Meiburg: And that’s the thing. There’s a kind of protest that can happen by inhabiting a really horrible character, too. On this record we did, that kind of comes out, too, especially on the song “Filaments.” “A Long Time Away,” too. Did you ever see that film Powers of 10? It’s a little short film that was made by these two IBM guys in the ‘70s. And when it starts off you see this couple lying on a picnic blanket, and then the camera pulls back by a factor of 10. And then it keeps doing it 10 times each until you are looking at the universe and then it scrolls back in the opposite direction, like 10 to the negative one, 10 to the negative two and so forth. And before long, all you are looking at is an atom. It’s incredible, and this is before computer graphics or anything. I wanted to the record to feel like it sort of zooms out as it goes. And by the end of the last song, you feel like you are looking at the earth from outer space.

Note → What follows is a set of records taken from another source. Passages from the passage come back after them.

lemma rank_mult_right_le:
  fixes A :: "'a::field mat"
  assumes A: "A \<in> carrier_mat n k" and B: "B \<in> carrier_mat k nc"
  shows "vec_space.rank n (A * B) \<le> vec_space.rank n A"
proof -
  interpret Vn: vec_space "TYPE('a)" n .
  define W where "W = Vn.span (set (cols A))"
  have AB: "A * B \<in> carrier_mat n nc" using A B by simp
  have colsA: "set (cols A) \<subseteq> carrier_vec n" using A cols_dim by blast
  have colsAB: "set (cols (A * B)) \<subseteq> carrier_vec n" using AB cols_dim by blast
  have "set (cols (A * B)) \<subseteq> Vn.col_space A"
  proof
    fix x assume "x \<in> set (cols (A * B))"
    then obtain j where "j < nc" "x = A *\<^sub>v col B j"
      using A B by (auto simp: set_cols simp del: col_mult)
    then show "x \<in> Vn.col_space A" unfolding Vn.col_space_eq[OF A] using A B by auto
  qed
  then have incl: "set (cols (A * B)) \<subseteq> W" unfolding W_def Vn.col_space_def .
  have subW: "subspace class_ring W Vn.V" unfolding W_def by (rule Vn.span_is_subspace[OF colsA])
  have "Vn.span (set (cols (A * B))) \<subseteq> W"
    using Vn.span_is_subset[OF incl] subW unfolding subspace_def by blast
  then have nest: "subspace class_ring (Vn.span (set (cols (A * B)))) (Vn.vs W)"
    using Vn.nested_subspaces[OF subW Vn.span_is_subspace[OF colsAB]] by blast
  have "vectorspace.fin_dim class_ring (Vn.vs W)"
    unfolding W_def by (rule Vn.fin_dim_span_cols[OF A])
  then show ?thesis unfolding Vn.rank_def W_def[symmetric]
    using vectorspace.subspace_dim[OF Vn.subspace_is_vs[OF subW] nest] Vn.fin_dim_span_cols[OF AB]
    by auto
qed

lemma Meval_add: "Meval m (p + q) S = Meval m p S + Meval m q S"
  by (rule eq_matI) (auto simp: Meval_def coeffM_eq_mlcoeff finite_idxset mlcoeff_add eval_add)

lemma Meval_zero: "Meval m 0 S = 0\<^sub>m (2^m) (2^m)"
  by (rule eq_matI) (auto simp: Meval_def coeffM_eq_mlcoeff finite_idxset mlcoeff_zero eval_zero)

lemma rank_Meval_mult_le:
  fixes f g h :: "'a::field mpoly"
  assumes g: "vars g \<subseteq> range Yv" and h: "vars h \<subseteq> range Zv"
  shows "vec_space.rank (2^m) (Meval m (f * (g * h)) S) \<le> vec_space.rank (2^m) (Meval m f S)"
proof -
  let ?D = "transpose_mat (mult_matrix m Yv S g)" and ?E = "mult_matrix m Zv S h"
  have D: "?D \<in> carrier_mat (2^m) (2^m)" and E: "?E \<in> carrier_mat (2^m) (2^m)"
    by (simp_all add: mult_matrix_def)
  have "Meval m (f * (g * h)) S = Meval m (f * g * h) S" by (simp add: mult.assoc)
  also have "\<dots> = ?D * Meval m f S * ?E" unfolding Meval_mult_Z[OF h] Meval_mult_Y[OF g] ..
  also have "vec_space.rank (2^m) \<dots> \<le> vec_space.rank (2^m) (?D * Meval m f S)"
    by (rule rank_mult_right_le[OF mult_carrier_mat[OF D Meval_carrier] E])
  also have "\<dots> \<le> vec_space.rank (2^m) (Meval m f S)"
    by (rule rank_mult_left_le[OF D Meval_carrier])
  finally show ?thesis .
qed

lemma rank_Meval_mult_sum_le:
  fixes f :: "'a::field mpoly" and gs hs :: "nat \<Rightarrow> 'a mpoly"
  assumes "\<And>i. i < r \<Longrightarrow> vars (gs i) \<subseteq> range Yv" and "\<And>i. i < r \<Longrightarrow> vars (hs i) \<subseteq> range Zv"
  shows "vec_space.rank (2^m) (Meval m (f * (\<Sum>i<r. gs i * hs i)) S)
    \<le> r * vec_space.rank (2^m) (Meval m f S)"
  using assms
proof (induction r)
  case 0
  show ?case by (simp add: Meval_zero vec_space.rank_0I)
next
  case (Suc r)
  have "Meval m (f * (\<Sum>i<Suc r. gs i * hs i)) S =
      Meval m (f * (\<Sum>i<r. gs i * hs i)) S + Meval m (f * (gs r * hs r)) S"
    by (simp add: distrib_left Meval_add)
  then have "vec_space.rank (2^m) (Meval m (f * (\<Sum>i<Suc r. gs i * hs i)) S) \<le>
      vec_space.rank (2^m) (Meval m (f * (\<Sum>i<r. gs i * hs i)) S) +
      vec_space.rank (2^m) (Meval m (f * (gs r * hs r)) S)"
    using vec_space.rank_subadditive[OF Meval_carrier Meval_carrier] by simp
  also have "\<dots> \<le> r * vec_space.rank (2^m) (Meval m f S) + vec_space.rank (2^m) (Meval m f S)"
    using Suc by (intro add_mono Suc.IH rank_Meval_mult_le) auto
  finally show ?case by simp
qed

lemma rank_le_maxrank: "vec_space.rank (2^m) (Meval m f S) \<le> maxrank m f"
  and maxrank_attained: "\<exists>S. maxrank m f = vec_space.rank (2^m) (Meval m f S)"
proof -
  let ?R = "{vec_space.rank (2^m) (Meval m f S) | S. True}"
  have "?R \<subseteq> {..2^m}" using vec_space.rank_le_nc[OF Meval_carrier] by auto
  then have fin: "finite ?R" by (rule finite_subset) simp
  show "vec_space.rank (2^m) (Meval m f S) \<le> maxrank m f"
    unfolding maxrank_def using fin by (intro Max_ge) auto
  have "Max ?R \<in> ?R" using fin by (intro Max_in) auto
  then show "\<exists>S. maxrank m f = vec_space.rank (2^m) (Meval m f S)" unfolding maxrank_def by auto
qed

theorem corollary2:
  fixes m r :: nat and f g :: "'a::field mpoly"
    and gs hs :: "nat \<Rightarrow> 'a mpoly"
  assumes "vars f \<subseteq> Yvars m \<union> Zvars m"
    and "vars g \<subseteq> Yvars m \<union> Zvars m"
    and "\<And>i. i < r \<Longrightarrow> vars (gs i) \<subseteq> Yvars m"
    and "\<And>i. i < r \<Longrightarrow> vars (hs i) \<subseteq> Zvars m"
    and "g = (\<Sum>i<r. gs i * hs i)"
  shows "maxrank m (f * g) \<le> r * maxrank m f"
proof -
  have "vars (gs i) \<subseteq> range Yv" "vars (hs i) \<subseteq> range Zv" if "i < r" for i
    using assms(3,4)[OF that] unfolding Yvars_def Zvars_def by blast+
  obtain S where "maxrank m (f * g) = vec_space.rank (2^m) (Meval m (f * g) S)"
    using maxrank_attained by blast
  also have "\<dots> \<le> r * vec_space.rank (2^m) (Meval m f S)"
    unfolding assms(5) by (rule rank_Meval_mult_sum_le) fact+
  also have "\<dots> \<le> r * maxrank m f"
    by (simp add: rank_le_maxrank)
  finally show ?thesis .
qed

Paste: You get that feeling when you hear a song on this record like “Wildlife in America,” for sure.
Meiburg: That’s one of my favorite songs that we’ve ever done, I have to say. I was really happy with it when we were done with it. I was surprised how long it took us to do, because it was so simple. But it was really, really hard to pin down. Even the drum sounds, we took forever to get the drum sounds right [laughs]. It doesn’t seem like it would make much of a difference, but it changed the emotional feeling of the song when the drums weren’t right. So we had to keep working on it until it was very, very…plain. We were actually thinking of a group like Roxy Music when we were making that song.

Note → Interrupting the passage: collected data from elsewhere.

(* Assume that for all $i,j\in I$ the map $u\mapsto\lambda_{ij}(u)$ is continuous on $U$, and that $f\colon I\times U\to\mathbb R$ is continuous. Fix $T>0$ and $w\in\mathrm C(\Delta_e)$, and for $\nu\in\Delta_e$, $\alpha\in A$ set $$\mathcal J_{T,w}(\nu,\alpha)=\int_0^Te^{-\beta t}L\bigl(\phi^\alpha_\nu(t),\chi^\alpha_\nu(t),\alpha(t),w\bigr)\,dt.$$ Then there exist constants $C,K_1,K_2>0$ and a modulus of continuity $\eta$ (a continuous, nondecreasing, subadditive function $\eta\colon[0,\infty)\to[0,\infty)$ with $\eta(t)\to0$ as $t\downarrow0$) such that for all $\alpha\in A$ and all $\nu,\rho\in\Delta_e$, $$\bigl|\mathcal J_{T,w}(\nu,\alpha)-\mathcal J_{T,w}(\rho,\alpha)\bigr|\le K_1|\nu-\rho|+K_2\,\eta(C|\nu-\rho|).$$
   Context: $I$, $O$ finite sets; $h\colon I\to O$ surjective and non-constant. $U$ compact metric space. For $u\in U$, $\Lambda(u)=(\lambda_{ij}(u))$ real with $\lambda_{ij}(u)\ge0$ for $i\ne j$ and zero row sums. $\mathbf f(u)=(f(i,u))_{i\in I}$ column vector; $\beta>0$. Measures on $I$ are row vectors in $\mathbb R^{|I|}$ with the Euclidean norm $|\cdot|$; $\Delta_a$ ($a\in O$) is the set of probability measures supported in $h^{-1}(a)$; $\Delta_e=\bigcup_a\Delta_a$; $\mathrm C(\Delta_e)$ the continuous real functions on $\Delta_e$; $\mathbb 1_{h^{-1}(a)}$ the column indicator of $h^{-1}(a)$. $F$: for $\nu\in\Delta_a$, $F_j(\nu,u)=[\nu\Lambda(u)]_j-(\nu\Lambda(u)\mathbb 1_{h^{-1}(a)})\nu_j$ for $j\in h^{-1}(a)$, $0$ otherwise. $H_b[\mu]$ ($b\in O$, $\mu\in\mathbb R^{|I|}$): $0$ off $h^{-1}(b)$, $\mu(i)/(\mu\mathbb 1_{h^{-1}(b)})$ on $h^{-1}(b)$ if $\mu\mathbb 1_{h^{-1}(b)}\ne0$, a fixed $\nu_b\in\Delta_b$ otherwise. For $\rho\in\Delta_a$: $r(\rho,u)=-\rho\Lambda(u)\mathbb 1_{h^{-1}(a)}$; $R(\rho,u;D)=\sum_b\mathbb 1_D(H_b[\rho\Lambda(u)])q(\rho,u,b)$, $q(\rho,u,b)=\frac{\rho\Lambda(u)\mathbb 1_{h^{-1}(b)}}{-\rho\Lambda(u)\mathbb 1_{h^{-1}(a)}}\mathbb 1_{b\ne a}$ if the denominator is nonzero, else $q_a(b)$ ($q_a$ a fixed probability on $O\setminus\{a\}$). $L(\rho,s,u,w)=s[\rho\mathbf f(u)+r(\rho,u)\int_{\Delta_e}w(p)R(\rho,u;dp)]$. $A$ is the set of measurable maps $\alpha\colon[0,\infty)\to U$. For $\rho\in\Delta_a$, $\phi^\alpha_\rho$ is the solution of $z'(t)=F(z(t),\alpha(t))$, $z(0)=\rho$ (it stays in $\Delta_a$), and $\chi^\alpha_\rho(t)=\exp\{-\int_0^tr(\phi^\alpha_\rho(s),\alpha(s))ds\}$. *)

theory Defs
  imports "HOL-Analysis.Analysis"
begin

text \<open>Measures on I are vectors in real^'i (Euclidean norm). Lambda(u) is given by
  lam u i j, the cost vector by f i u, the observation map by h.\<close>

definition Delta :: "('i::finite \<Rightarrow> 'o) \<Rightarrow> 'o \<Rightarrow> (real^'i) set" where
  "Delta h a = {\<nu>. (\<forall>i. 0 \<le> \<nu>$i) \<and> (\<Sum>i\<in>UNIV. \<nu>$i) = 1 \<and> (\<forall>i. h i \<noteq> a \<longrightarrow> \<nu>$i = 0)}"

definition Delta_e :: "('i::finite \<Rightarrow> 'o) \<Rightarrow> (real^'i) set" where
  "Delta_e h = (\<Union>a. Delta h a)"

Paste: Getting Brian Reitzell to play throughout Jet Plane and Oxbow was a real coup. You can really feel his presence on these songs. I know you did an interview with him once for Tape Op Magazine a little while back. How did you first connect with him?
Meiburg: He got in touch with me after he got a copy of Rook, I think, on vinyl and figured we’d have something in common. And so we’d talk a couple times a year, and I went to work with him on that TV show Boss a little bit. Then I approached him about doing some work on this record, and he was thrilled about getting to work on something he didn’t have to be in charge [laughs]. I mean, for Hannibal, he’s making like 40, 50 minutes of music a week, just churning it out. It’s great, but it wears him out. So I think working on Jet Plane was something really fun and relaxing for him. We learned so much from his techniques and instruments and pieces of gear. He’s a really inspiring guy to be around.

Paste: Oh, by the way, major props for that cover of Coldplay’s “Hurts Like Heaven.” It’s such a great song from a very misunderstood band.
Meiburg: We got no love for that! Everybody hated it! We did a couple of shows with them, opening up their Viva La Vida Tour, and they were so cool to us. I just couldn’t believe it. They paid us like crazy. They all came down to hang out and sent us down champagne on the first night. I was like, “Why are you being so nice to us?” [laughs]. I couldn’t figure it out. But then I came to realize that they were genuinely sweet dudes and they also work really hard and are very serious about their music. I got nothing but good things to say about Coldplay.